If your 3rd coat covers it then wait and see what the future holds. It may crack, it may not. 

Good luck.


----------



## bigwill (May 17, 2011)

These are vertical seams. 1 side is tapered and 1 side is butt. I didnt know it mattered until I started reading today. Wish I had found this forum before I hung the drywall. Do you think I should use a different type/brand mud? Maybe a heavier compound? The one I have is the rapid coat low dust. I thought they were all about the same but guess I should have started with all purpose and paper tape for all joints


----------



## RickyBobby (Nov 19, 2009)

Next time, tapered edges go together as much as possible.

As for the mud, all purpose (green lid from USG) can be used with paper tape. Mesh tape should be used with "hot mud" (the powder stuff in bags that needs to be mixed with varying dry times).

If you used the lightweight compound, which is a finishing mud, with the initial bed coat, you could definitely run into problems, not only with your mesh but also with your paper corners. It doesn't have the glue type additives that are essential when taping. Again, most of the work is done so you could let it ride and see what happens.

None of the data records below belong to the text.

(* For every permutation $w$, $c_w(\beta)=c_{w^{-1}}(\beta)$.
   Context: For $w\in S_n$, $\mathfrak{G}^{(\beta)}_w$ is the $\beta$-Grothendieck polynomial: $\mathfrak{G}^{(\beta)}_{w_0}=x_1^{n-1}\cdots x_{n-1}$ for $w_0=n\cdots21$, and $\mathfrak{G}^{(\beta)}_w=\partial_i((1+\beta x_{i+1})\mathfrak{G}^{(\beta)}_{ws_i})$ when $w(i)<w(i+1)$, with $\partial_if=(f-s_if)/(x_i-x_{i+1})$. $\Upsilon_w(\beta)=\mathfrak{G}^{(\beta)}_w(1,\dots,1)$, $\Upsilon_\emptyset=1$. $c_w(\beta)=\sum_{\emptyset\le v\le w}(-1)^{|w|-|v|}\Upsilon_{\mathrm{perm}(v)}(\beta)$, the sum over all subwords $v$ of $w$ (one per subset of positions), where $\mathrm{perm}(v)$ is the permutation order-isomorphic to $v$ and $|v|$ is the length. *)

theory Defs
  imports Complex_Main "HOL-Library.Poly_Mapping"
begin

type_synonym mpoly = "(nat \<Rightarrow>\<^sub>0 nat) \<Rightarrow>\<^sub>0 real"

definition Xv :: "nat \<Rightarrow> mpoly" where
  "Xv i = Poly_Mapping.single (Poly_Mapping.single i 1) 1"

definition swp :: "nat \<Rightarrow> nat \<Rightarrow> nat" where
  "swp i k = (if k = i then Suc i else if k = Suc i then i else k)"

definition sact :: "nat \<Rightarrow> mpoly \<Rightarrow> mpoly" where
  "sact i f = Poly_Mapping.map_key (\<lambda>e. Poly_Mapping.map_key (swp i) e) f"

definition ddiff :: "nat \<Rightarrow> mpoly \<Rightarrow> mpoly" where
  "ddiff i f = (THE g. (Xv i - Xv (Suc i)) * g = f - sact i f)"

definition piop :: "real \<Rightarrow> nat \<Rightarrow> mpoly \<Rightarrow> mpoly" where
  "piop \<beta> i f = ddiff i ((1 + Poly_Mapping.single 0 \<beta> * Xv (Suc i)) * f)"

text \<open>Evaluation at x = (1,1,...,1): the sum of all coefficients.\<close>
definition eval_ones :: "mpoly \<Rightarrow> real" where
  "eval_ones f = (\<Sum>e\<in>Poly_Mapping.keys f. Poly_Mapping.lookup f e)"

text \<open>Permutations in one-line notation as lists w = [w(1),...,w(n)].
  Paper position i (1-based) is list index i-1.\<close>

definition has_ascent :: "nat list \<Rightarrow> bool" where
  "has_ascent w = (\<exists>i. Suc i < length w \<and> w ! i < w ! Suc i)"

definition first_ascent :: "nat list \<Rightarrow> nat" where
  "first_ascent w = (LEAST i. Suc i < length w \<and> w ! i < w ! Suc i)"

definition swap_pos :: "nat list \<Rightarrow> nat \<Rightarrow> nat list" where
  "swap_pos w i = w[i := w ! Suc i, Suc i := w ! i]"

definition groth_top :: "nat \<Rightarrow> mpoly" where
  "groth_top n = (\<Prod>i\<in>{1..<n}. Xv i ^ (n - i))"

text \<open>Recursion G_w = pi_i G_(w s_i) for an ascent i (we use the first one,
  well-definedness being a standard fact), with G_(w0) = x_1^(n-1)...x_(n-1).
  The fuel argument k only serves termination: each step strictly increases the
  number of inversions, so fuel length(w)^2 is never exhausted.\<close>
fun groth_aux :: "nat \<Rightarrow> real \<Rightarrow> nat list \<Rightarrow> mpoly" where
  "groth_aux 0 \<beta> w = groth_top (length w)"
| "groth_aux (Suc k) \<beta> w =
     (if has_ascent w
      then piop \<beta> (Suc (first_ascent w)) (groth_aux k \<beta> (swap_pos w (first_ascent w)))
      else groth_top (length w))"

definition groth :: "real \<Rightarrow> nat list \<Rightarrow> mpoly" where
  "groth \<beta> w = groth_aux (length w * length w) \<beta> w"

definition Upsilon :: "real \<Rightarrow> nat list \<Rightarrow> real" where
  "Upsilon \<beta> w = (if w = [] then 1 else eval_ones (groth \<beta> w))"

definition std :: "nat list \<Rightarrow> nat list" where
  "std v = map (\<lambda>x. card {y \<in> set v. y \<le> x}) v"

definition cw :: "real \<Rightarrow> nat list \<Rightarrow> real" where
  "cw \<beta> w = (\<Sum>S\<in>Pow {..<length w}.
      (-1) ^ (length w - card S) * Upsilon \<beta> (std (nths w S)))"

definition is_perm :: "nat list \<Rightarrow> bool" where
  "is_perm w = (distinct w \<and> set w = {1..length w})"

definition perm_inv :: "nat list \<Rightarrow> nat list" where
  "perm_inv w = map (\<lambda>k. Suc (LEAST j. j < length w \<and> w ! j = k)) [1..<Suc (length w)]"

end

theory Submission
  imports Defs
begin

text \<open>By the Fomin--Kirillov formula, the beta-Grothendieck polynomial of w is the coefficient
  of w in a staircase product of factors h_j(x) = 1 + x u_j, where the u_j satisfy the braid
  relations and u_j^2 = beta u_j. We verify this formula directly: the coefficient functional
  satisfies the defining recursion, because the Yang--Baxter relations make the divided
  difference operators swap adjacent rows of the staircase, and it has the right value at the
  longest word. At x = (1, ..., 1) every factor is h_j(1). Inversion of permutations exchanges
  the coefficient of w^-1 in a product with the coefficient of w in the reversed product, and
  the reversed staircase word equals the original one up to commutations of distant letters,
  since both have the same (palindromic) restriction to every pair of letters {c, c+1}. Hence
  Upsilon_(w^-1) = Upsilon_w. Finally, exchanging positions and values matches the subwords
  of w^-1 with those of w, inverting the patterns, which turns c_(w^-1) into c_w.\<close>

section \<open>Adjacent transpositions of words\<close>

lemma swp_swp [simp]: "swp i (swp i k) = k"
  by (simp add: swp_def)

lemma inj_swp: "inj (swp i)"
  by (metis injI swp_swp)

lemma swp_less: "Suc i < n \<Longrightarrow> k < n \<Longrightarrow> swp i k < n"
  by (auto simp: swp_def)

lemma length_swap_pos [simp]: "length (swap_pos w i) = length w"
  by (simp add: swap_pos_def)

lemma nth_swap_pos:
  "Suc i < length w \<Longrightarrow> k < length w \<Longrightarrow> swap_pos w i ! k = w ! swp i k"
  by (auto simp: swap_pos_def swp_def nth_list_update)

lemma swap_pos_swap_pos [simp]: "Suc i < length w \<Longrightarrow> swap_pos (swap_pos w i) i = w"
  by (rule nth_equalityI) (auto simp: nth_swap_pos swp_less)

lemma distinct_swap_pos [simp]: "Suc i < length w \<Longrightarrow> distinct (swap_pos w i) = distinct w"
  unfolding swap_pos_def by (rule distinct_swap) auto

lemma set_swap_pos [simp]: "Suc i < length w \<Longrightarrow> set (swap_pos w i) = set w"
  unfolding swap_pos_def by (rule set_swap) auto

definition far :: "nat \<Rightarrow> nat \<Rightarrow> bool" where
  "far j k \<longleftrightarrow> Suc j < k \<or> Suc k < j"

lemma swap_pos_commute: "far j k \<Longrightarrow> swap_pos (swap_pos w j) k = swap_pos (swap_pos w k) j"
  by (cases "Suc j < length w"; cases "Suc k < length w")
     (auto simp: far_def swap_pos_def nth_list_update list_update_swap)

lemma swap_pos_braid: "Suc (Suc j) < length w \<Longrightarrow>
  swap_pos (swap_pos (swap_pos w j) (Suc j)) j = swap_pos (swap_pos (swap_pos w (Suc j)) j) (Suc j)"
  by (rule nth_equalityI) (auto simp: nth_swap_pos swp_def)

definition descent :: "nat list \<Rightarrow> nat \<Rightarrow> bool" where
  "descent w j \<longleftrightarrow> Suc j < length w \<and> w ! Suc j < w ! j"

lemma descent_swap_pos_far: "far j k \<Longrightarrow> Suc j < length w \<Longrightarrow> descent (swap_pos w j) k = descent w k"
  by (auto simp: descent_def nth_swap_pos swp_def far_def)

section \<open>A Hecke algebra acting on functions of words\<close>

text \<open>A function M on words stands for a linear functional on the free module spanned by
  words, and hecke_u b j is dual to right multiplication by a generator u_j of the algebra
  with u_j^2 = b u_j and the braid relations; hecke_h b j z corresponds to 1 + z u_j.\<close>

definition hecke_u :: "'a::comm_ring_1 \<Rightarrow> nat \<Rightarrow> (nat list \<Rightarrow> 'a) \<Rightarrow> nat list \<Rightarrow> 'a" where
  "hecke_u b j M w = (if distinct w \<and> descent w j then M (swap_pos w j) + b * M w else 0)"
lemma Omega_abs_entry_le_1:
  fixes S :: "real^'k^'n"
  assumes "S \<in> Omega"
  shows "\<bar>S$i$k\<bar> \<le> 1"
proof -
  have "(S$i$k)^2 \<le> (\<Sum>j\<in>UNIV. S$j$k * S$j$k)"
    unfolding power2_eq_square by (rule member_le_sum) simp_all
  then show ?thesis
    using Omega_column_inner[OF assms, of k k] by (simp add: abs_square_le_1)
qed

lemma Omega_sum_det2_squares:
  fixes S :: "real^2^3"
  assumes "S \<in> Omega"
  shows "(det2 (S$1) (S$2))^2 + (det2 (S$1) (S$3))^2 + (det2 (S$2) (S$3))^2 = 1"
proof -
  have "(\<Sum>i\<in>UNIV. S$i$k * S$i$l) = (if k = l then 1 else 0)" for k l
    using Omega_column_inner[OF assms] .
  then have col: "(S$1$1)^2 + (S$2$1)^2 + (S$3$1)^2 = 1" "(S$1$2)^2 + (S$2$2)^2 + (S$3$2)^2 = 1"
      "S$1$1 * S$1$2 + S$2$1 * S$2$2 + S$3$1 * S$3$2 = 0"
    by (simp_all add: sum_3 power2_eq_square)
  have "(det2 (S$1) (S$2))^2 + (det2 (S$1) (S$3))^2 + (det2 (S$2) (S$3))^2
      = ((S$1$1)^2 + (S$2$1)^2 + (S$3$1)^2) * ((S$1$2)^2 + (S$2$2)^2 + (S$3$2)^2)
        - (S$1$1 * S$1$2 + S$2$1 * S$2$2 + S$3$1 * S$3$2)^2"
    unfolding det2_def by (simp add: power2_eq_square algebra_simps)
  then show ?thesis
    by (simp add: col)
qed

lemma abs_det2_le:
  assumes "\<And>k. \<bar>a$k\<bar> \<le> A" and "\<And>k. \<bar>b$k\<bar> \<le> B"
  shows "\<bar>det2 a b\<bar> \<le> 2 * A * B"
proof -
  have ab: "\<bar>a$k * b$l\<bar> \<le> A * B" for k l
    unfolding abs_mult using assms by (intro mult_mono) (auto intro: order_trans[OF abs_ge_zero])
  have "\<bar>det2 a b\<bar> \<le> \<bar>a$1 * b$2\<bar> + \<bar>a$2 * b$1\<bar>"
    unfolding det2_def by (rule abs_triangle_ineq4)
  also have "\<dots> \<le> 2 * A * B"
    using ab[of 1 2] ab[of 2 1] by simp
  finally show ?thesis .
qed
(* Let $H$ be a real Hilbert space and $\{C_\alpha\}_{\alpha\in\Omega}$ ($|\Omega|\ge2$) a family of closed convex subsets of $H$ whose intersection $C=\bigcap_\alpha C_\alpha$ is nonempty and has affine hull dense in $H$. Then for every starting element $x_0\in H$ and every sequence $\{t_n\}\subset[0,1]$ of weakness parameters, every sequence $\{x_n\}$ of remote projections onto $\{C_\alpha\}$ converges weakly.
   Context: $P_\alpha$ is the metric projection onto $C_\alpha$. A sequence of remote projections with weakness parameters $t_n\in[0,1]$ starting at $x_0$: $x_{n+1}=P_{\alpha(n)}x_n$, where $\alpha(n)\in\Omega$ is any index with $\mathrm{dist}(x_n,C_{\alpha(n)})\ge t_n\sup_\alpha\mathrm{dist}(x_n,C_\alpha)$; if $t_n=1$ for some $n$ it is required that $\max_\alpha\mathrm{dist}(x,C_\alpha)$ is attained for every $x\in H$. *)

theory Defs
  imports "HOL-Analysis.Analysis"
begin

definition weakly_convergent :: "(nat \<Rightarrow> 'a::real_inner) \<Rightarrow> bool" where
  "weakly_convergent x \<longleftrightarrow> (\<exists>y. \<forall>z. (\<lambda>n. x n \<bullet> z) \<longlonglongrightarrow> y \<bullet> z)"

text \<open>Metric projection onto a set: the (unique, for closed convex nonempty sets in a
  Hilbert space) nearest point. The library closest_point needs heine_borel.\<close>
definition metric_proj :: "'a::real_inner set \<Rightarrow> 'a \<Rightarrow> 'a" where
  "metric_proj S a = (THE y. y \<in> S \<and> (\<forall>z\<in>S. dist a y \<le> dist a z))"

definition remote_projections ::
  "'i set \<Rightarrow> ('i \<Rightarrow> 'a::real_inner set) \<Rightarrow> (nat \<Rightarrow> real) \<Rightarrow> (nat \<Rightarrow> 'i) \<Rightarrow> (nat \<Rightarrow> 'a) \<Rightarrow> bool"
where
  "remote_projections \<Omega> C t alpha x \<longleftrightarrow>
     (\<forall>n. alpha n \<in> \<Omega>
        \<and> infdist (x n) (C (alpha n)) \<ge> t n * (SUP \<beta>\<in>\<Omega>. infdist (x n) (C \<beta>))
        \<and> x (Suc n) = metric_proj (C (alpha n)) (x n))
   \<and> ((\<exists>n. t n = 1) \<longrightarrow> (\<forall>y. \<exists>\<beta>\<in>\<Omega>. \<forall>\<gamma>\<in>\<Omega>. infdist y (C \<gamma>) \<le> infdist y (C \<beta>)))"

end

theory Submission
  imports Defs
begin

(* Each step projects onto a closed convex set containing K = \<Inter>C\<^sub>\<alpha>, so dist x\<^sub>n c is
   nonincreasing for every c \<in> K (Fejer monotonicity). Hence (x\<^sub>n) is bounded and every
   (dist x\<^sub>n c)\<^sup>2 converges; by polarization so does \<langle>x\<^sub>n, d - c\<rangle> for c, d \<in> K. The vectors v
   for which \<langle>x\<^sub>n, v\<rangle> converges form a linear subspace, closed because (x\<^sub>n) is bounded, and
   it contains K - c; since the affine hull of K is dense, it is the whole space. The limit
   functional is bounded linear, and its Riesz representative is the weak limit.
   Neither the remoteness of the chosen index nor |\<Omega>| \<ge> 2 is needed. *)

lemma dist_midpoint_parallelogram:
  fixes a u v :: "'a::real_inner"
  shows "(dist u v)\<^sup>2 = 2 * (dist a u)\<^sup>2 + 2 * (dist a v)\<^sup>2 - 4 * (dist a (midpoint u v))\<^sup>2"
  unfolding dist_norm power2_norm_eq_inner midpoint_def
  by (simp add: inner_commute algebra_simps)

lemma Cauchy_minimizing_sequence:
  fixes a :: "'a::real_inner"
  assumes "convex S" and zs: "\<And>k. zs k \<in> S" and lim: "(\<lambda>k. dist a (zs k)) \<longlonglongrightarrow> d"
    and min: "\<And>z. z \<in> S \<Longrightarrow> d \<le> dist a z"
  shows "Cauchy zs"
proof (rule CauchyI)
  fix e :: real assume "0 < e"
  have d: "0 \<le> d" using LIMSEQ_le_const[OF lim, of 0] by simp
  have "(\<lambda>k. (dist a (zs k))\<^sup>2) \<longlonglongrightarrow> d\<^sup>2" by (intro tendsto_intros lim)
  moreover have "d\<^sup>2 < d\<^sup>2 + e\<^sup>2 / 4" using \<open>0 < e\<close> by simp
  ultimately have "eventually (\<lambda>k. (dist a (zs k))\<^sup>2 < d\<^sup>2 + e\<^sup>2 / 4) sequentially"
    by (rule order_tendstoD(2))
  then obtain N where N: "\<And>k. k \<ge> N \<Longrightarrow> (dist a (zs k))\<^sup>2 < d\<^sup>2 + e\<^sup>2 / 4"
    unfolding eventually_sequentially by blast
  have "norm (zs m - zs n) < e" if "m \<ge> N" "n \<ge> N" for m n
  proof -
    have "midpoint (zs m) (zs n) \<in> S"
      using closed_segment_subset[OF zs zs \<open>convex S\<close>] midpoint_in_closed_segment by blast
    then have "d\<^sup>2 \<le> (dist a (midpoint (zs m) (zs n)))\<^sup>2" using min d by (simp add: power_mono)
    then have "(dist (zs m) (zs n))\<^sup>2 < e\<^sup>2"
      using dist_midpoint_parallelogram[of "zs m" "zs n" a] N[OF that(1)] N[OF that(2)] by linarith
    then show ?thesis using \<open>0 < e\<close> by (simp add: dist_norm power_less_imp_less_base)
  qed
  then show "\<exists>N. \<forall>m\<ge>N. \<forall>n\<ge>N. norm (zs m - zs n) < e" by blast
qed

lemma closest_point_exists_complete:
  fixes S :: "'a::{real_inner,complete_space} set"
  assumes "closed S" "convex S" "S \<noteq> {}"
  shows "\<exists>p\<in>S. \<forall>z\<in>S. dist a p \<le> dist a z"
proof -
  have "infdist a S \<in> closure (dist a ` S)"
    unfolding infdist_notempty[OF \<open>S \<noteq> {}\<close>]
    by (rule closure_contains_Inf) (use \<open>S \<noteq> {}\<close> in \<open>auto intro: bdd_belowI[of _ 0]\<close>)
  then obtain ds where ds: "\<And>k. ds k \<in> dist a ` S" "ds \<longlonglongrightarrow> infdist a S"
    unfolding closure_sequential by blast
  then have "\<forall>k. \<exists>z. z \<in> S \<and> ds k = dist a z" by blast
  then obtain zs where zs: "\<And>k. zs k \<in> S" "\<And>k. ds k = dist a (zs k)"
    by metis
  have "ds = (\<lambda>k. dist a (zs k))" using zs(2) by (simp add: fun_eq_iff)
  with ds(2) have lim: "(\<lambda>k. dist a (zs k)) \<longlonglongrightarrow> infdist a S" by simp
  have "Cauchy zs"
    using Cauchy_minimizing_sequence[OF \<open>convex S\<close> zs(1) lim] infdist_le by blast
  then obtain p where p: "zs \<longlonglongrightarrow> p" using Cauchy_convergent convergent_def by blast
  have "p \<in> S" using closed_sequentially[OF \<open>closed S\<close>] zs(1) p by blast
  moreover have "dist a p = infdist a S"
    using LIMSEQ_unique[OF tendsto_dist[OF tendsto_const p] lim] .
  then have "\<forall>z\<in>S. dist a p \<le> dist a z" by (auto intro: infdist_le)
  ultimately show ?thesis by blast
qed

lemma metric_proj_closest:
  fixes S :: "'a::{real_inner,complete_space} set"
  assumes "closed S" "convex S" "S \<noteq> {}"
  shows "metric_proj S a \<in> S \<and> (\<forall>z\<in>S. dist a (metric_proj S a) \<le> dist a z)"
proof -
  obtain p where "p \<in> S" "\<forall>z\<in>S. dist a p \<le> dist a z"
    using closest_point_exists_complete[OF assms] by blast
  then have "\<exists>!p. p \<in> S \<and> (\<forall>z\<in>S. dist a p \<le> dist a z)"
    using any_closest_point_unique[OF \<open>convex S\<close> \<open>closed S\<close>] by blast
  then show ?thesis unfolding metric_proj_def by (rule theI')
qed

lemma metric_proj_inner_le:
  fixes S :: "'a::{real_inner,complete_space} set"
  assumes "closed S" "convex S" "z \<in> S"
  shows "(a - metric_proj S a) \<bullet> (z - metric_proj S a) \<le> 0"
  using metric_proj_closest[OF assms(1,2)] any_closest_point_dot[OF assms(2,1) _ assms(3)]
    assms(3) by blast

lemma dist_metric_proj_le:
  fixes S :: "'a::{real_inner,complete_space} set"
  assumes "closed S" "convex S" "c \<in> S"
  shows "dist (metric_proj S a) c \<le> dist a c"
proof -
  define p where "p = metric_proj S a"
  have "(dist a c)\<^sup>2 = (dist a p)\<^sup>2 + (dist p c)\<^sup>2 - 2 * ((a - p) \<bullet> (c - p))"
    unfolding dist_norm power2_norm_eq_inner by (simp add: inner_commute algebra_simps)
  moreover have "(a - p) \<bullet> (c - p) \<le> 0" unfolding p_def by (rule metric_proj_inner_le[OF assms])
  ultimately have "(dist p c)\<^sup>2 \<le> (dist a c)\<^sup>2" using zero_le_power2[of "dist a p"] by linarith
  then show ?thesis unfolding p_def by (rule power2_le_imp_le) simp
qed

lemma Riesz_representation:
  fixes f :: "'a::{real_inner,complete_space} \<Rightarrow> real"
  assumes "bounded_linear f"
  shows "\<exists>y. \<forall>z. f z = y \<bullet> z"
proof (cases "\<forall>z. f z = 0")
  case True
  then show ?thesis by (intro exI[of _ 0]) simp
next
  case False
  then obtain w where "f w \<noteq> 0" by blast
  interpret f: bounded_linear f by (rule assms)
  define N where "N = {z. f z = 0}"
  have "closed N" unfolding N_def by (intro closed_Collect_eq continuous_intros f.continuous_on)
  have "convex N" unfolding N_def convex_def by (simp add: f.add f.scale)
  define u where "u = w - metric_proj N w"
  have "0 \<in> N" unfolding N_def by (simp add: f.zero)
  then have "metric_proj N w \<in> N" using metric_proj_closest[OF \<open>closed N\<close> \<open>convex N\<close>] by blast
  then have fu: "f u = f w" unfolding u_def N_def by (simp add: f.diff)
  have orth: "u \<bullet> n = 0" if "n \<in> N" for n
  proof -
    have "metric_proj N w + n \<in> N" "metric_proj N w - n \<in> N"
      using \<open>metric_proj N w \<in> N\<close> that unfolding N_def by (auto simp: f.add f.diff)
    from this[THEN metric_proj_inner_le[OF \<open>closed N\<close> \<open>convex N\<close>, of _ w]]
    show ?thesis unfolding u_def[symmetric] by (simp add: inner_diff_right)
  qed
  have "f z = ((f u / (u \<bullet> u)) *\<^sub>R u) \<bullet> z" for z
  proof -
    have "z - (f z / f u) *\<^sub>R u \<in> N"
      unfolding N_def using \<open>f w \<noteq> 0\<close> fu by (simp add: f.diff f.scale)
    from orth[OF this] have "u \<bullet> z = (f z / f u) * (u \<bullet> u)" by (simp add: inner_diff_right)
    moreover have "u \<bullet> u \<noteq> 0" using fu \<open>f w \<noteq> 0\<close> by (auto simp: f.zero)
    ultimately show ?thesis using \<open>f w \<noteq> 0\<close> fu by (simp add: field_simps)
  qed
  then show ?thesis by blast
qed

lemma subspace_convergent_inner: "subspace {v. convergent (\<lambda>n. x n \<bullet> v)}"
proof -
  have "convergent (\<lambda>n. r * (x n \<bullet> v))" if "convergent (\<lambda>n. x n \<bullet> v)" for r v
    using that by (auto simp: convergent_def intro: tendsto_mult_left)
  then show ?thesis
    unfolding subspace_def by (simp add: inner_add_right convergent_add convergent_const)
qed

lemma closed_convergent_inner:
  fixes x :: "nat \<Rightarrow> 'a::real_inner"
  assumes "bounded (range x)"
  shows "closed {v. convergent (\<lambda>n. x n \<bullet> v)}" (is "closed ?V")
proof -
  obtain M where "M > 0" and M: "\<And>n. norm (x n) \<le> M"
    using assms by (auto simp: bounded_pos)
  have "Cauchy (\<lambda>n. x n \<bullet> v)" if "v \<in> closure ?V" for v
  proof (rule CauchyI)
    fix e :: real assume "0 < e"
    then have "e / (3 * M) > 0" using \<open>M > 0\<close> by simp
    then obtain w where "w \<in> ?V" and w: "dist w v < e / (3 * M)"
      using \<open>v \<in> closure ?V\<close> unfolding closure_approachable by blast
    then have "Cauchy (\<lambda>n. x n \<bullet> w)" by (simp add: Cauchy_convergent_iff)
    moreover have "e / 3 > 0" using \<open>0 < e\<close> by simp
    ultimately obtain N where N: "\<forall>m\<ge>N. \<forall>n\<ge>N. norm (x m \<bullet> w - x n \<bullet> w) < e / 3"
      unfolding Cauchy_iff by blast
    have close: "\<bar>x m \<bullet> (v - w)\<bar> < e / 3" for m
    proof -
      have "\<bar>x m \<bullet> (v - w)\<bar> \<le> norm (x m) * norm (v - w)" by (rule Cauchy_Schwarz_ineq2)
      also have "\<dots> \<le> M * dist w v"
        using M[of m] by (simp add: dist_norm norm_minus_commute mult_right_mono)
      also have "\<dots> < e / 3" using w \<open>M > 0\<close> by (simp add: field_simps)
      finally show ?thesis .
    qed
    have "norm (x m \<bullet> v - x n \<bullet> v) < e" if "m \<ge> N" "n \<ge> N" for m n
    proof -
      have "x m \<bullet> v - x n \<bullet> v = x m \<bullet> (v - w) + (x m \<bullet> w - x n \<bullet> w) - x n \<bullet> (v - w)"
        by (simp add: inner_diff_right)
      with N[rule_format, OF that] close[of m] close[of n] show ?thesis
        unfolding real_norm_def by linarith
    qed
    then show "\<exists>N. \<forall>m\<ge>N. \<forall>n\<ge>N. norm (x m \<bullet> v - x n \<bullet> v) < e" by blast
  qed
  then have "closure ?V \<subseteq> ?V" unfolding Cauchy_convergent_iff by blast
  then show ?thesis by (simp only: closure_subset_eq)
qed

My biggest concern now would be the seams. On the butt side you are definitely going to have to float out moreso than if you had 2 tapered edges, probably almost 2 feet. It is all going to depend on the level of finish you are looking for. 

Hope this helps.


----------



## bigwill (May 17, 2011)

Thanks Ricky. Do you think I should switch mud types of continue with the lightweight stuff? I have to buy more anyway since I am out


----------



## RickyBobby (Nov 19, 2009)

No problem.

At this point I would continue to use the lightweight. It is much easier to work worth and easier to sand.....which there may be a lot of.


----------